Christ entered into the Temple at the feast of Hanukkah and presented himself as the God of Israel. His enemies immediately understood His claim in light of Hanukkah’s significance. We know this because they took up stones to stone him and said, “We stone you for blasphemy, because you, being a man, make yourself to be God” (Jn 10:31-33). Hence, the festival of Hanukkah serves as a sign of Christ’s fulfillment of the Temple and the entire Old Covenant. Jesus was not only a gifted rabbi from Nazareth-He is the God of Abraham, Isaac, and Jacob.
In John 10.22, almost two hundred years later, mention is made of the Feast of Dedication. At that time, one part of the festival included the reading of a portion of Scripture that reminded the people of the unfaithful rulers of the past and the God who would watch over His people. The passage that was read came from the prophet Ezekiel
Ezekiel 34:1-11 The word of the LORD came to me: ‘Son of man, prophesy against the shepherds of Israel’; prophesy and say to them: ‘This is what the Sovereign LORD says: Woe to the shepherds of Israel who only take care of themselves!’ Should not shepherds take care of the flock? You eat the curds, clothe yourselves with the wool and slaughter the choice animals, but you do not take care of the flock. You have not strengthened the weak or healed the sick or bound up the injured. You have not brought back the strays or searched for the lost. You have ruled them harshly and brutally. So they were scattered because there was no shepherd, and when they were scattered they became food for all the wild animals. My sheep wandered over all the mountains and on every high hill. They were scattered over the whole earth, and no one searched or looked for them. “‘Therefore, you shepherds, hear the word of the LORD: As surely as I live, declares the Sovereign LORD, because my flock lacks a shepherd and so has been plundered and has become food for all the wild animals, and because my shepherds did not search for my flock but cared for themselves rather than for my flock, therefore, O shepherds, hear the word of the LORD: This is what the Sovereign LORD says: I am against the shepherds and will hold them accountable for my flock. I will remove them from tending the flock so that the shepherds can no longer feed themselves. I will rescue my flock from their mouths, and it will no longer be food for them.”`For this is what the Sovereign LORD says: I myself will search for my sheep and look after them'”

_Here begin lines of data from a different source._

lemma elementary_G_collapse_imp_collapsible_pair:
  assumes L: "G_subcomplex G act K L" and "elementary_G_collapse G act L L'"
  shows "\<exists>\<sigma> \<phi>. collapsible_pair L \<sigma> \<phi> \<and> L' = orbit_collapse L \<sigma>"
proof -
  obtain \<sigma> where free: "free_simplex L \<sigma>" and card: "card (free_facet L \<sigma>) = card \<sigma> + 1"
    and indep: "independently_free L (orbit G act \<sigma>)" and L': "L' = orbit_collapse L \<sigma>"
    using assms(2) unfolding elementary_G_collapse_def orbit_collapse_def by blast
  define \<phi> where "\<phi> = free_facet L \<sigma>"
  note sc = G_subcomplex_simplicial_complex[OF L]
  have "\<sigma> \<in> L" and unique_facet: "\<exists>!\<psi>. facet L \<psi> \<and> \<sigma> \<subset> \<psi>"
    using free unfolding free_simplex_def by blast+
  have \<phi>: "facet L \<phi> \<and> \<sigma> \<subset> \<phi>" unfolding \<phi>_def free_facet_def using unique_facet by (rule theI')
  then have "\<phi> \<in> L" unfolding facet_def by blast
  have unique_coface: "\<forall>\<tau>\<in>L. \<sigma> \<subset> \<tau> \<longrightarrow> \<tau> = \<phi>"
  proof (intro ballI impI)
    fix \<tau> assume "\<tau> \<in> L" "\<sigma> \<subset> \<tau>"
    obtain \<psi> where "facet L \<psi>" "\<tau> \<subseteq> \<psi>" using facet_exists_above[OF sc \<open>\<tau> \<in> L\<close>] by blast
    moreover from \<open>\<sigma> \<subset> \<tau>\<close> \<open>\<tau> \<subseteq> \<psi>\<close> have "\<sigma> \<subset> \<psi>" by (rule less_le_trans)
    ultimately have "\<psi> = \<phi>"
      unfolding \<phi>_def free_facet_def by (intro the1_equality[OF unique_facet, symmetric]) blast
    then have "\<tau> \<subseteq> \<phi>" using \<open>\<tau> \<subseteq> \<psi>\<close> by simp
    have "finite \<phi>" using simplicial_complex_finite_simplex[OF sc \<open>\<phi> \<in> L\<close>] .
    have "card \<sigma> < card \<tau>"
      using psubset_card_mono[OF finite_subset[OF \<open>\<tau> \<subseteq> \<phi>\<close> \<open>finite \<phi>\<close>] \<open>\<sigma> \<subset> \<tau>\<close>] .
    moreover have "card \<tau> \<le> card \<phi>" using card_mono[OF \<open>finite \<phi>\<close> \<open>\<tau> \<subseteq> \<phi>\<close>] .
    ultimately have "card \<tau> = card \<phi>" using card \<phi>_def by simp
    then show "\<tau> = \<phi>" using card_subset_eq[OF \<open>finite \<phi>\<close> \<open>\<tau> \<subseteq> \<phi>\<close>] by simp
  qed
  have separated: "\<not> (\<exists>\<rho>\<in>L. x \<subseteq> \<rho> \<and> y \<subseteq> \<rho>)"
    if "x \<in> orbit G act \<sigma>" "y \<in> orbit G act \<sigma>" "x \<noteq> y" for x y
    using indep that unfolding independently_free_def by blast
  have stabilizer: "\<forall>g\<in>carrier G. \<forall>h\<in>carrier G. sact act \<phi> g = sact act \<phi> h \<longrightarrow> sact act \<sigma> g = sact act \<sigma> h"
  proof (intro ballI impI, rule ccontr)
    fix g h assume g: "g \<in> carrier G" and h: "h \<in> carrier G" and eq: "sact act \<phi> g = sact act \<phi> h"
      and "sact act \<sigma> g \<noteq> sact act \<sigma> h"
    moreover have "sact act \<sigma> g \<in> orbit G act \<sigma>" "sact act \<sigma> h \<in> orbit G act \<sigma>"
      using g h unfolding orbit_iff by blast+
    moreover have "sact act \<sigma> g \<subseteq> sact act \<phi> g" "sact act \<sigma> h \<subseteq> sact act \<phi> h"
      using \<phi> unfolding sact_def by auto
    ultimately show False
      using separated G_subcomplex_sact[OF L \<open>\<phi> \<in> L\<close> g] by metis
  qed
  have "card \<phi> = Suc (card \<sigma>)" using card unfolding \<phi>_def by simp
  then have "collapsible_pair L \<sigma> \<phi>"
    unfolding collapsible_pair_def using \<open>\<sigma> \<in> L\<close> \<open>\<phi> \<in> L\<close> \<phi> unique_coface stabilizer by blast
  then show ?thesis using L' by blast
qed

text \<open>On the orbit of \<sigma> the definite description picks \<phi>g, the unique proper coface of \<sigma>g.\<close>

definition extend_matching :: "'v set set \<Rightarrow> 'v set \<Rightarrow> ('v set \<Rightarrow> 'v set) \<Rightarrow> 'v set \<Rightarrow> 'v set" where
  "extend_matching L \<sigma> \<mu> x = (if x \<in> orbit G act \<sigma> then (THE \<tau>. \<tau> \<in> L \<and> x \<subset> \<tau>) else \<mu> x)"

context
  fixes L \<sigma> \<phi>
  assumes L: "G_subcomplex G act K L" and pair: "collapsible_pair L \<sigma> \<phi>"
begin

lemma pair_in: "\<sigma> \<in> L" "\<phi> \<in> L"
  and pair_psubset: "\<sigma> \<subset> \<phi>"
  and pair_card: "card \<phi> = Suc (card \<sigma>)"
  and pair_unique_coface: "\<forall>\<tau>\<in>L. \<sigma> \<subset> \<tau> \<longrightarrow> \<tau> = \<phi>"
  and pair_stabilizer:
    "g \<in> carrier G \<Longrightarrow> h \<in> carrier G \<Longrightarrow> sact act \<phi> g = sact act \<phi> h \<Longrightarrow> sact act \<sigma> g = sact act \<sigma> h"
  using pair unfolding collapsible_pair_def by blast+

lemma pair_subset_V: "\<sigma> \<subseteq> V" "\<phi> \<subseteq> V"
  using G_subcomplex_subset_V[OF L] pair_in by blast+

lemma translate_in: "g \<in> carrier G \<Longrightarrow> sact act \<sigma> g \<in> L" "g \<in> carrier G \<Longrightarrow> sact act \<phi> g \<in> L"
  using G_subcomplex_sact[OF L] pair_in by blast+

lemma simplicial_complex_orbit_collapse: "simplicial_complex (orbit_collapse L \<sigma>)"
  using G_subcomplex_simplicial_complex[OF G_subcomplex_orbit_collapse[OF L pair_subset_V(1)]] .

lemma orbit_subset: "orbit G act \<sigma> \<subseteq> L" "orbit G act \<phi> \<subseteq> L"
  using translate_in unfolding orbit_def by blast+

lemma translate_psubset: "g \<in> carrier G \<Longrightarrow> sact act \<sigma> g \<subset> sact act \<phi> g"
  using sact_psubset_iff[OF pair_subset_V] pair_psubset by simp

lemma translate_neq: "g \<in> carrier G \<Longrightarrow> h \<in> carrier G \<Longrightarrow> sact act \<sigma> g \<noteq> sact act \<phi> h"
  using card_sact[OF pair_subset_V(1), of g] card_sact[OF pair_subset_V(2), of h] pair_card by auto

lemma superset_of_translate:
  "g \<in> carrier G \<Longrightarrow> \<tau> \<in> L \<Longrightarrow> sact act \<sigma> g \<subseteq> \<tau> \<Longrightarrow> \<tau> = sact act \<sigma> g \<or> \<tau> = sact act \<phi> g"
  using translate_unique_coface[OF L pair_in(1) pair_unique_coface, of g \<tau>] by auto

lemma notin_orbit_collapse_iff:
  assumes "\<rho> \<in> L"
  shows "\<rho> \<notin> orbit_collapse L \<sigma> \<longleftrightarrow> \<rho> \<in> orbit G act \<sigma> \<or> \<rho> \<in> orbit G act \<phi>"
proof
  assume "\<rho> \<notin> orbit_collapse L \<sigma>"
  then obtain g where "g \<in> carrier G" "sact act \<sigma> g \<subseteq> \<rho>" using assms unfolding orbit_collapse_def by blast
  then have "\<rho> = sact act \<sigma> g \<or> \<rho> = sact act \<phi> g" using superset_of_translate assms by blast
  then show "\<rho> \<in> orbit G act \<sigma> \<or> \<rho> \<in> orbit G act \<phi>"
    using \<open>g \<in> carrier G\<close> unfolding orbit_iff by blast
next
  assume "\<rho> \<in> orbit G act \<sigma> \<or> \<rho> \<in> orbit G act \<phi>"
  then obtain g where "g \<in> carrier G" "\<rho> = sact act \<sigma> g \<or> \<rho> = sact act \<phi> g"
    unfolding orbit_iff by blast
  then have "sact act \<sigma> g \<subseteq> \<rho>" using translate_psubset by blast
  with \<open>g \<in> carrier G\<close> show "\<rho> \<notin> orbit_collapse L \<sigma>" unfolding orbit_collapse_def by blast
qed

lemma translate_free:
  assumes g: "g \<in> carrier G"
  shows "free_simplex L (sact act \<sigma> g)" "free_facet L (sact act \<sigma> g) = sact act \<phi> g"
proof -
  note coface = translate_unique_coface[OF L pair_in(1) pair_unique_coface g]
  have "\<not> sact act \<phi> g \<subset> \<tau>" if "\<tau> \<in> L" for \<tau>
  proof
    assume "sact act \<phi> g \<subset> \<tau>"
    moreover from this have "\<tau> = sact act \<phi> g"
      using coface[OF that] translate_psubset[OF g] by (meson order.strict_trans)
    ultimately show False by simp
  qed
  then have facet: "facet L (sact act \<phi> g)" unfolding facet_def using translate_in(2)[OF g] by blast
  have "\<psi> = sact act \<phi> g" if "facet L \<psi>" "sact act \<sigma> g \<subset> \<psi>" for \<psi>
    using that coface unfolding facet_def by blast
  then have unique: "\<exists>!\<psi>. facet L \<psi> \<and> sact act \<sigma> g \<subset> \<psi>"
    using facet translate_psubset[OF g] by blast
  then show "free_simplex L (sact act \<sigma> g)" unfolding free_simplex_def using translate_in[OF g] by blast
  show "free_facet L (sact act \<sigma> g) = sact act \<phi> g"
    unfolding free_facet_def using facet translate_psubset[OF g] by (intro the1_equality[OF unique]) blast
qed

This, then, is the context for the incredible statements that Jesus made during the Feast of Dedication during His final winter on earth.
Against this backdrop Jesus declares, John 10.14-15, & 27-29 “I am the good shepherd; and I know My own, and My own know Me, even as the Father knows Me and I know the Father; and I lay down My life for the sheep . . . My sheep hear My voice, and I know them, and they follow Me; and I give eternal life to them, and they shall never perish; and no one shall snatch them out of My hand. My Father, who has given them to Me, is greater than all; and no one is able to snatch them out of the Father’s hand”.
Jesus contrasted Himself with the unfaithful, corrupt shepherds of Israel’s past and declared Himself to be the True Shepherd of God’s people. In so doing, He established the standard for all subsequent shepherds of the people of God and described the responsibilities of leadership: to take care of the flock, to strengthen the weak, heal the sick, bind up the injured, bring back the strays, search for the lost; to rule gently and kindly, and to keep them from scattering and becoming vulnerable to the enemy.
Our Rabbi, Jesus the Christ, remains the Light of the world! Happy Hanukkah!